Production was initially set for September 2023, but was postponed due to the 2023 Hollywood labor disputes. Principal photography took place from January to July 2024 in Los Angeles. Jason McCormick, a frequent collaborator of Murphy, served as the cinematographer for six out of nine episodes, while Baz Idoine served as the cinematographer for the remaining three. The episodic directors were Michael Uppendahl, Ian Brennan, Carl Franklin, Paris Barclay, and Max Winkler.

To recreate late-1980s Los Angeles, production designer Matthew Flood Ferguson and set decorator Melissa Licth utilized both location shooting and soundstage builds. The interior of the Menendez family home in Beverly Hills was constructed on a soundstage to allow for historical accuracy. Key architectural details from the actual family room where the crime took place were meticulously recreated, including the vaulted beamed ceilings, the specific distance from the French doors to the furniture, and the oversized built-in bookcase. The exterior was a composite of three separate locations: one for the front of the property, a second for the pool and guest house, and a third for the tennis court. Ferguson noted that finding a period-appropriate tennis court was difficult because the United States Tennis Association had changed court colors from green to blue in the years since the murders, eventually leading the production to locate a private court that still featured the original green surface.

Other iconic Los Angeles settings were also featured; the restaurant Spago and the Directors Guild of America building were shot on location, while the interior of Dominick Dunne's Chateau Marmont suite was reconstructed on a soundstage. To ensure accuracy, Ferguson and supervising art director Helen Harwell surveyed an actual suite at the Chateau Marmont to replicate details such as the casement doors and the wrap-around balcony.

For the fifth episode, "The Hurt Man", which was filmed in a single continuous take, Ferguson designed an interview room set with removable walls to accommodate the camera crane's movement. He incorporated an interior casement window on a hinge to serve as a visual element that could also open to allow for specific camera placements during the unbroken shot.

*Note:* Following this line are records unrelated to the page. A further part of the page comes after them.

text \<open>
  A light side of \<open>u\<close> at an edge \<open>e\<close> would make the far side of \<open>e\<close> a heavy side contained
  either strictly in the side of \<open>u\<close> at \<open>f = {u, v}\<close> or in the light side of \<open>v\<close> at \<open>f\<close>.
\<close>

lemma least_heavy_half_edge_centroid:
  assumes tree: "is_tree V E" and fin: "finite V" and odd: "odd (card V)"
    and fu: "heavy_half_edge V E f u"
    and least: "\<And>e p. heavy_half_edge V E e p \<Longrightarrow> card (side V E f u) \<le> card (side V E e p)"
    and e: "e \<in> E"
  shows "card V < 2 * card (side V E e u)"
proof (rule ccontr)
  assume light: "\<not> card V < 2 * card (side V E e u)"
  have "f \<in> E" "u \<in> f" using fu unfolding heavy_half_edge_def by auto
  then obtain v where f: "f \<in> E" "f = {u, v}" "u \<noteq> v" "u \<in> V" "v \<in> V"
    using tree_edge_endpoints[OF tree] by blast
  obtain p q where pq: "e = {p, q}" "p \<noteq> q" "p \<in> V" "q \<in> V"
    and side_u: "side V E e u = side V E e p" and u_not_q: "u \<notin> side V E e q"
    using tree_edge_orient[OF tree e f(4)] .
  have heavy_q: "heavy_half_edge V E e q"
    using heavy_half_edge_exists[OF tree fin odd e pq(1-3)] light side_u
    unfolding heavy_half_edge_def by auto
  have "e \<noteq> f" using fu light unfolding heavy_half_edge_def by auto
  then have "(u, v) \<in> adj (E - {e})" using f unfolding adj_def by auto
  then have "v \<in> side V E e p" using f(5) side_u unfolding side_def by auto
  then have v_not_q: "v \<notin> side V E e q" using sides_disjoint[OF tree e pq(1,2)] by auto
  have sub: "side V E e q \<subseteq> side V E f q"
    using side_subset_side_of_avoided_edge[OF f(4,5) u_not_q v_not_q] f(2) by simp
  have "q \<in> side V E f u \<union> side V E f v" using sides_cover[OF tree f(2,4)] pq(4) by blast
  then show False
  proof
    assume "q \<in> side V E f u"
    then have "side V E f q = side V E f u" using side_eq_side_of_mem f(4) by blast
    then have "side V E e q \<subset> side V E f u"
      using sub self_in_side[OF f(4)] u_not_q by blast
    then have "card (side V E e q) < card (side V E f u)"
      using psubset_card_mono[OF finite_subset[OF side_subset fin]] by blast
    then show False using least[OF heavy_q] by simp
  next
    assume "q \<in> side V E f v"
    then have "side V E e q \<subseteq> side V E f v"
      using sub side_eq_side_of_mem[of q V E f v] f(5) by blast
    then have "card (side V E e q) \<le> card (side V E f v)"
      using card_mono[OF finite_subset[OF side_subset fin]] by blast
    then show False
      using heavy_q fu card_sides[OF tree fin f(1-4)] unfolding heavy_half_edge_def by linarith
  qed
qed

lemma tree_has_centroid:
  assumes tree: "is_tree V E" and fin: "finite V" and odd: "odd (card V)"
  shows "\<exists>c\<in>V. \<forall>e\<in>E. card V < 2 * card (side V E e c)"
proof (cases "E = {}")
  case True
  then show ?thesis using tree unfolding is_tree_def by auto
next
  case False
  then obtain e0 p0 where e0: "e0 \<in> E" "p0 \<in> e0"
    using tree unfolding is_tree_def ugraph_def by blast
  then obtain q0 where "e0 = {p0, q0}" "p0 \<noteq> q0" "p0 \<in> V"
    using tree_edge_endpoints[OF tree] by blast
  then have "heavy_half_edge V E e0 p0 \<or> heavy_half_edge V E e0 q0"
    by (rule heavy_half_edge_exists[OF tree fin odd e0(1)])
  then obtain e1 p1 where "heavy_half_edge V E e1 p1" by blast
  then obtain f u where fu: "heavy_half_edge V E f u"
    and least: "\<And>e p. heavy_half_edge V E e p \<Longrightarrow> card (side V E f u) \<le> card (side V E e p)"
    using ex_has_least_nat[of "\<lambda>(e, p). heavy_half_edge V E e p" "(e1, p1)"
        "\<lambda>(e, p). card (side V E e p)"] by (simp add: split_paired_all split_paired_All) blast
  have "f \<in> E" "u \<in> f" using fu unfolding heavy_half_edge_def by auto
  then have "u \<in> V" using tree_edge_endpoints[OF tree] by blast
  then show ?thesis
    using least_heavy_half_edge_centroid[OF tree fin odd fu least] by blast
qed

lemma ab_cut_side_unanimous:
  assumes tree: "is_tree V E" and "c \<in> V" and cut: "ab_cut V E P a b e"
  shows "(\<forall>i\<in>side V E e c. (a, b) \<in> P i) \<or> (\<forall>i\<in>side V E e c. (b, a) \<in> P i)"
proof -
  obtain u v where e: "e \<in> E" "e = {u, v}"
    and "\<forall>i\<in>V. (u, i) \<in> (adj (E - {e}))\<^sup>* \<longrightarrow> (a, b) \<in> P i"
    and "\<forall>i\<in>V. (v, i) \<in> (adj (E - {e}))\<^sup>* \<longrightarrow> (b, a) \<in> P i"
    using cut unfolding ab_cut_def by blast
  then have sides: "\<forall>i\<in>side V E e u. (a, b) \<in> P i" "\<forall>i\<in>side V E e v. (b, a) \<in> P i"
    unfolding side_def by auto
  have "u \<in> V" using tree_edge_endpoints[OF tree e(1)] e(2) by blast
  then have "c \<in> side V E e u \<or> c \<in> side V E e v"
    using sides_cover[OF tree e(2)] \<open>c \<in> V\<close> by blast
  then show ?thesis
    using sides side_subset_side_of_mem[of c V E e u] side_subset_side_of_mem[of c V E e v] by blast
qed

lemma strict_majority_prefers:
  assumes fin: "finite V" and S: "S \<subseteq> V" "card V < 2 * card S"
    and asym: "\<forall>i\<in>V. asym (P i)" and ab: "\<forall>i\<in>S. (a, b) \<in> P i"
  shows "card {i \<in> V. (b, a) \<in> P i} < card {i \<in> V. (a, b) \<in> P i}"
proof -
  have "{i \<in> V. (b, a) \<in> P i} \<subseteq> V - S" using asym ab by (auto dest: asymD)
  then have "card {i \<in> V. (b, a) \<in> P i} \<le> card (V - S)" using fin by (intro card_mono) auto
  also have "\<dots> = card V - card S" using card_Diff_subset[OF finite_subset[OF S(1) fin] S(1)] .
  finally have "card {i \<in> V. (b, a) \<in> P i} \<le> card V - card S" .
  moreover have "card S \<le> card {i \<in> V. (a, b) \<in> P i}" using fin S(1) ab by (intro card_mono) auto
  ultimately show ?thesis using S(2) by linarith
qed

lemma member_of_unanimous_majority_agrees:
  assumes "finite V" "S \<subseteq> V" "card V < 2 * card S" "\<forall>i\<in>V. asym (P i)" "c \<in> S"
    and "(\<forall>i\<in>S. (a, b) \<in> P i) \<or> (\<forall>i\<in>S. (b, a) \<in> P i)"
  shows "(a, b) \<in> P c \<longleftrightarrow> maj_weak V P a b"
  using assms(6)
proof
  assume ab: "\<forall>i\<in>S. (a, b) \<in> P i"
  then show ?thesis
    using strict_majority_prefers[OF assms(1-4) ab] assms(5) unfolding maj_weak_def by simp
next
  assume ba: "\<forall>i\<in>S. (b, a) \<in> P i"
  then have "(a, b) \<notin> P c" using assms(2,4,5) by (auto dest: asymD)
  then show ?thesis
    using strict_majority_prefers[OF assms(1-4) ba] unfolding maj_weak_def by simp
qed

theorem theorem1:
  fixes n :: nat and A :: "'a set" and P :: "nat \<Rightarrow> 'a rel" and E :: "nat set set"
  assumes "odd n"
    and "finite A"
    and "\<forall>i\<in>{1..n}. linear_order_on_A A (P i)"
    and "is_tree {1..n} E"
    and "single_crossing A {1..n} E P"
  shows "\<exists>i\<in>{1..n}. \<forall>a\<in>A. \<forall>b\<in>A. a \<noteq> b \<longrightarrow> ((a, b) \<in> P i \<longleftrightarrow> maj_weak {1..n} P a b)"
proof -
  let ?V = "{1..n}"
  obtain c where c: "c \<in> ?V" and centroid: "\<forall>e\<in>E. n < 2 * card (side ?V E e c)"
    using tree_has_centroid[OF assms(4)] assms(1) by auto
  have asym: "\<forall>i\<in>?V. asym (P i)"
    using assms(3) asym_on_iff_irrefl_on_if_trans_on
    unfolding linear_order_on_A_def strict_linear_order_on_def by blast
  have "(a, b) \<in> P c \<longleftrightarrow> maj_weak ?V P a b" if "a \<in> A" "b \<in> A" "a \<noteq> b" for a b
  proof -
    have "(\<exists>e\<in>E. ab_cut ?V E P a b e) \<or> (\<forall>i\<in>?V. (a, b) \<in> P i) \<or> (\<forall>i\<in>?V. (b, a) \<in> P i)"
      using assms(5) that unfolding single_crossing_def by blast
    then show ?thesis
    proof (elim disjE bexE)
      fix e assume e: "e \<in> E" and cut: "ab_cut ?V E P a b e"
      show ?thesis
        using member_of_unanimous_majority_agrees[OF _ side_subset _ asym self_in_side[OF c]
            ab_cut_side_unanimous[OF assms(4) c cut]] centroid e by simp
    qed (use member_of_unanimous_majority_agrees[OF _ order_refl _ asym c] c in auto)
  qed
  then show ?thesis using c by blast
qed

end
(* For every strongly binary $2$-matroid $Z$ there is a unique strongly binary $2$-sheltering matroid $Q$ such that $\mathcal Z(Q)=Z$.
   Context: Let $\Omega$ be a partition of a finite set $U$ into classes of size $2$. A subtransversal (transversal) meets every class in at most (exactly) one element. A transversal $2$-tuple is an ordered pair $\tau=(T_1,T_2)$ of disjoint transversals; each $t\in T_1$ corresponds to the unique $\bar t\in T_2$ with $\{t,\bar t\}\in\Omega$. For a $T_1\times T_2$ matrix $A$ over a field $\mathbb F$ that is skew-symmetric (i.e. $A_{s,\bar t}=-A_{t,\bar s}$ for all $s,t\in T_1$), $\mathcal Q(A,\tau,2)=(M,\Omega)$ where $M$ is the column matroid of $(I\mid A)$, rows indexed by $T_1$, identity columns indexed by $T_1$ and the columns of $A$ indexed by $T_2$; this is a $2$-sheltering matroid. A sheltering matroid is a pair $Q=(M,\Omega)$ with $M$ a matroid on $U$ such that for every independent subtransversal $I$ and every class $\{x,y\}$ disjoint from $I$, $I\cup\{x\}$ or $I\cup\{y\}$ is independent; $\mathcal Z(Q)$ denotes the multimatroid ($2$-matroid) on $(U,\Omega)$ whose independent sets are the independent subtransversals of $M$. A $2$-sheltering matroid $Q$ is strongly binary if $Q=\mathcal Q(A,\tau,2)$ for some transversal $2$-tuple $\tau$ and some skew-symmetric (equivalently, symmetric) matrix $A$ over $GF(2)$; a $2$-matroid $Z$ is strongly binary if $Z=\mathcal Z(Q)$ for some strongly binary $2$-sheltering matroid $Q$. Equality of sheltering matroids means equality of the matroids on $U$ together with the same partition $\Omega$. *)

theory Defs
  imports Main "HOL-Library.Z2"
begin

definition pair_partition :: "'a set set \<Rightarrow> bool" where
  "pair_partition \<Omega> \<longleftrightarrow> finite (\<Union>\<Omega>) \<and> (\<forall>\<omega>\<in>\<Omega>. card \<omega> = 2)
     \<and> (\<forall>\<omega>1\<in>\<Omega>. \<forall>\<omega>2\<in>\<Omega>. \<omega>1 \<noteq> \<omega>2 \<longrightarrow> \<omega>1 \<inter> \<omega>2 = {})"

definition subtransversal :: "'a set set \<Rightarrow> 'a set \<Rightarrow> bool" where
  "subtransversal \<Omega> S \<longleftrightarrow> S \<subseteq> \<Union>\<Omega> \<and> (\<forall>\<omega>\<in>\<Omega>. card (S \<inter> \<omega>) \<le> 1)"

definition transversal :: "'a set set \<Rightarrow> 'a set \<Rightarrow> bool" where
  "transversal \<Omega> T \<longleftrightarrow> T \<subseteq> \<Union>\<Omega> \<and> (\<forall>\<omega>\<in>\<Omega>. card (T \<inter> \<omega>) = 1)"

definition transversal_2tuple :: "'a set set \<Rightarrow> 'a set \<times> 'a set \<Rightarrow> bool" where
  "transversal_2tuple \<Omega> \<tau> \<longleftrightarrow> transversal \<Omega> (fst \<tau>) \<and> transversal \<Omega> (snd \<tau>)
     \<and> fst \<tau> \<inter> snd \<tau> = {}"

definition partner :: "'a set set \<Rightarrow> 'a set \<times> 'a set \<Rightarrow> 'a \<Rightarrow> 'a" where
  "partner \<Omega> \<tau> t = (THE u. u \<in> snd \<tau> \<and> {t, u} \<in> \<Omega>)"

text \<open>A T1 x T2 matrix over a field (entries A t u for t in T1, u in T2) is skew-symmetric.\<close>
definition skew_symmetric :: "'a set set \<Rightarrow> 'a set \<times> 'a set \<Rightarrow> ('a \<Rightarrow> 'a \<Rightarrow> 'f::field) \<Rightarrow> bool" where
  "skew_symmetric \<Omega> \<tau> A \<longleftrightarrow>
     (\<forall>s\<in>fst \<tau>. \<forall>t\<in>fst \<tau>. A s (partner \<Omega> \<tau> t) = - A t (partner \<Omega> \<tau> s))"

text \<open>Columns of (I | A): rows indexed by T1; identity columns indexed by T1,
  columns of A indexed by T2.\<close>
definition IA_column :: "'a set \<times> 'a set \<Rightarrow> ('a \<Rightarrow> 'a \<Rightarrow> 'f::field) \<Rightarrow> 'a \<Rightarrow> 'a \<Rightarrow> 'f" where
  "IA_column \<tau> A u t = (if u \<in> fst \<tau> then (if t = u then 1 else 0) else A t u)"
section \<open>The four elementary morphisms\<close>

text \<open>The image of a letter under \<open>\<phi>\<^sub>g\<close> is either one letter or the two-letter word starting
  with \<open>marker g\<close>, so in \<open>\<phi>\<^sub>g(x)\<close> the letter \<open>marker g\<close> only occurs at block starts.\<close>

definition marker :: "gen \<Rightarrow> nat" where
  "marker g = (case g of GA \<Rightarrow> 1 | GAl \<Rightarrow> 0 | GB \<Rightarrow> 0 | GBe \<Rightarrow> 1)"

definition head_preserving :: "gen \<Rightarrow> bool" where
  "head_preserving g \<longleftrightarrow> g = GA \<or> g = GAl"

definition conj_gen :: "gen \<Rightarrow> gen" where
  "conj_gen g = (case g of GA \<Rightarrow> GB | GAl \<Rightarrow> GBe | GB \<Rightarrow> GB | GBe \<Rightarrow> GBe)"

lemma marker_le_1: "marker g \<le> 1"
  by (cases g) (auto simp: marker_def)

lemma marker_conj_gen: "head_preserving g \<Longrightarrow> marker (conj_gen g) = 1 - marker g"
  by (cases g) (auto simp: marker_def head_preserving_def conj_gen_def)

lemma not_head_preserving_conj_gen: "\<not> head_preserving (conj_gen g)"
  by (cases g) (auto simp: head_preserving_def conj_gen_def)

lemma obtain_conj_gen:
  assumes "\<not> head_preserving g"
  obtains g0 where "head_preserving g0" "g = conj_gen g0"
  using assms that[of GA] that[of GAl] by (cases g) (auto simp: head_preserving_def conj_gen_def)

lemma phi_gen_ne_Nil: "phi_gen g c \<noteq> []"
  by (cases g) auto

lemma nonerasing_phi_gen: "nonerasing (phi_gen g)"
  by (simp add: nonerasing_def phi_gen_ne_Nil)

lemma phi_gen_binary: "a \<in> set (phi_gen g c) \<Longrightarrow> a \<le> 1"
  by (cases g) (auto split: if_splits)

lemma hd_phi_gen: "c \<le> 1 \<Longrightarrow> phi_gen g c ! 0 = (if head_preserving g then c else marker g)"
  by (cases g) (auto simp: head_preserving_def marker_def)

lemma length_phi_gen:
  "c \<le> 1 \<Longrightarrow> length (phi_gen g c) = (if head_preserving g = (c = marker g) then 2 else 1)"
  by (cases g) (auto simp: head_preserving_def marker_def)

lemma length_phi_gen_le_2: "length (phi_gen g c) \<le> 2"
  by (cases g) auto

lemma phi_gen_length_2: "length (phi_gen g c) = 2 \<Longrightarrow> phi_gen g c = [marker g, 1 - marker g]"
  by (cases g) (auto simp: marker_def split: if_splits)

lemma phi_gen_length_1:
  "c \<le> 1 \<Longrightarrow> length (phi_gen g c) = 1 \<Longrightarrow> phi_gen g c = [if head_preserving g then c else marker g]"
  by (cases g) (auto simp: head_preserving_def marker_def split: if_splits)

lemma morph_conj_gen_snoc:
  assumes "head_preserving g"
  shows "morph (phi_gen (conj_gen g)) l @ [1 - marker g] = (1 - marker g) # morph (phi_gen g) l"
proof (induct l)
  case (Cons c l)
  have "phi_gen (conj_gen g) c @ [1 - marker g] = (1 - marker g) # phi_gen g c"
    using assms by (cases g) (auto simp: head_preserving_def conj_gen_def marker_def)
  moreover have "morph (phi_gen (conj_gen g)) (c # l) @ [1 - marker g]
      = (phi_gen (conj_gen g) c @ [1 - marker g]) @ morph (phi_gen g) l"
    using Cons by simp
  ultimately show ?case by simp
qed simp

lemma morph_phi_gen_ne_Nil: "l \<noteq> [] \<Longrightarrow> morph (phi_gen g) l \<noteq> []"
  by (cases l) (auto simp: phi_gen_ne_Nil)

lemma inj_on_binary_phi_gen_head_preserving:
  assumes "head_preserving g"
  shows "inj_on_binary (phi_gen g)"
  unfolding inj_on_binary_def
proof (intro allI impI)
  fix l1 l2 :: "nat list"
  assume "set l1 \<subseteq> {..1}" "set l2 \<subseteq> {..1}" "morph (phi_gen g) l1 = morph (phi_gen g) l2"
  then show "l1 = l2"
  proof (induct l1 arbitrary: l2)
    case Nil
    then show ?case using morph_phi_gen_ne_Nil[of l2 g] by fastforce
  next
    case (Cons c l1)
    obtain c' l2' where l2: "l2 = c' # l2'"
      using Cons.prems(3) morph_phi_gen_ne_Nil[of "c # l1" g] by (cases l2) auto
    have c: "c \<le> 1" "c' \<le> 1" using Cons.prems(1,2) l2 by auto
    have "(phi_gen g c @ morph (phi_gen g) l1) ! 0 = (phi_gen g c' @ morph (phi_gen g) l2') ! 0"
      using Cons.prems(3) l2 by simp
    then have "phi_gen g c ! 0 = phi_gen g c' ! 0"
      using phi_gen_ne_Nil[of g c] phi_gen_ne_Nil[of g c'] by (simp add: nth_append)
    then have "c = c'" using hd_phi_gen[OF c(1), of g] hd_phi_gen[OF c(2), of g] assms by simp
    then show ?case using Cons l2 by simp
  qed
qed

text \<open>\<open>\<phi>\<^sub>b\<close> and \<open>\<phi>\<^sub>\<beta>\<close> are injective since they agree with \<open>\<phi>\<^sub>a\<close>, \<open>\<phi>\<^sub>\<alpha>\<close> up to a shift.\<close>

lemma inj_on_binary_phi_gen: "inj_on_binary (phi_gen g)"
proof (cases "head_preserving g")
  case False
  then obtain g0 where g0: "head_preserving g0" "g = conj_gen g0" by (rule obtain_conj_gen)
  have "morph (phi_gen g0) l1 = morph (phi_gen g0) l2"
    if "morph (phi_gen g) l1 = morph (phi_gen g) l2" for l1 l2
  proof -
    have "(1 - marker g0) # morph (phi_gen g0) l1 = morph (phi_gen g) l1 @ [1 - marker g0]"
      unfolding g0(2) by (rule morph_conj_gen_snoc[OF g0(1), symmetric])
    also have "\<dots> = morph (phi_gen g) l2 @ [1 - marker g0]"
      by (simp only: that)
    also have "\<dots> = (1 - marker g0) # morph (phi_gen g0) l2"
      unfolding g0(2) by (rule morph_conj_gen_snoc[OF g0(1)])
    finally show ?thesis by simp
  qed
  then show ?thesis
    using inj_on_binary_phi_gen_head_preserving[OF g0(1)] unfolding inj_on_binary_def by blast
qed (rule inj_on_binary_phi_gen_head_preserving)


section \<open>Desubstitution through one elementary morphism\<close>

locale gen_image =
  fixes g :: gen and x' x :: "nat \<Rightarrow> nat"
  assumes image: "is_image (phi_gen g) x' x" and binary: "binary x'"
begin

abbreviation bstart :: "nat \<Rightarrow> nat" where
  "bstart \<equiv> block_start (phi_gen g) x'"

lemma letter_le_1: "x' j \<le> 1"
  using binary by (simp add: binary_def)

lemma obtain_position:
  obtains j q where "i = bstart j + q" "q < length (phi_gen g (x' j))" "x i = phi_gen g (x' j) ! q"
proof -
  obtain j where j: "bstart j \<le> i" "i < bstart (Suc j)" using obtain_block[OF nonerasing_phi_gen] .
  then have "i = bstart j + (i - bstart j)" "i - bstart j < length (phi_gen g (x' j))"
    by (auto simp: block_start_Suc)
  then show ?thesis using that is_image_nth_block[OF image] by metis
qed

Uppendahl opted minimal rehearsal for "The Hurt Man" to preserve authenticity, with Koch and Graynor only rehearsing once on set before filming. McCormick began with a static shot and gradually zoomed in on Koch's face, while Graynor's face remained unseen as she slowly disappeared from the shot. A total of eight takes were filmed over two days; the eighth and final take was selected for the final broadcast. Koch described the process as emotionally draining and "super nerve-wracking," citing that his performance in the first two takes felt dry because he was nervous around Murphy.

The murder sequence was filmed over three to four days, which Koch described as heavily choreographed and technically demanding. Although the series depicts multiple versions of the killings from differing perspectives, the version shown in the episode "Blame It on the Rain" most closely reflects the crime scene photos and accounts presented during the trials.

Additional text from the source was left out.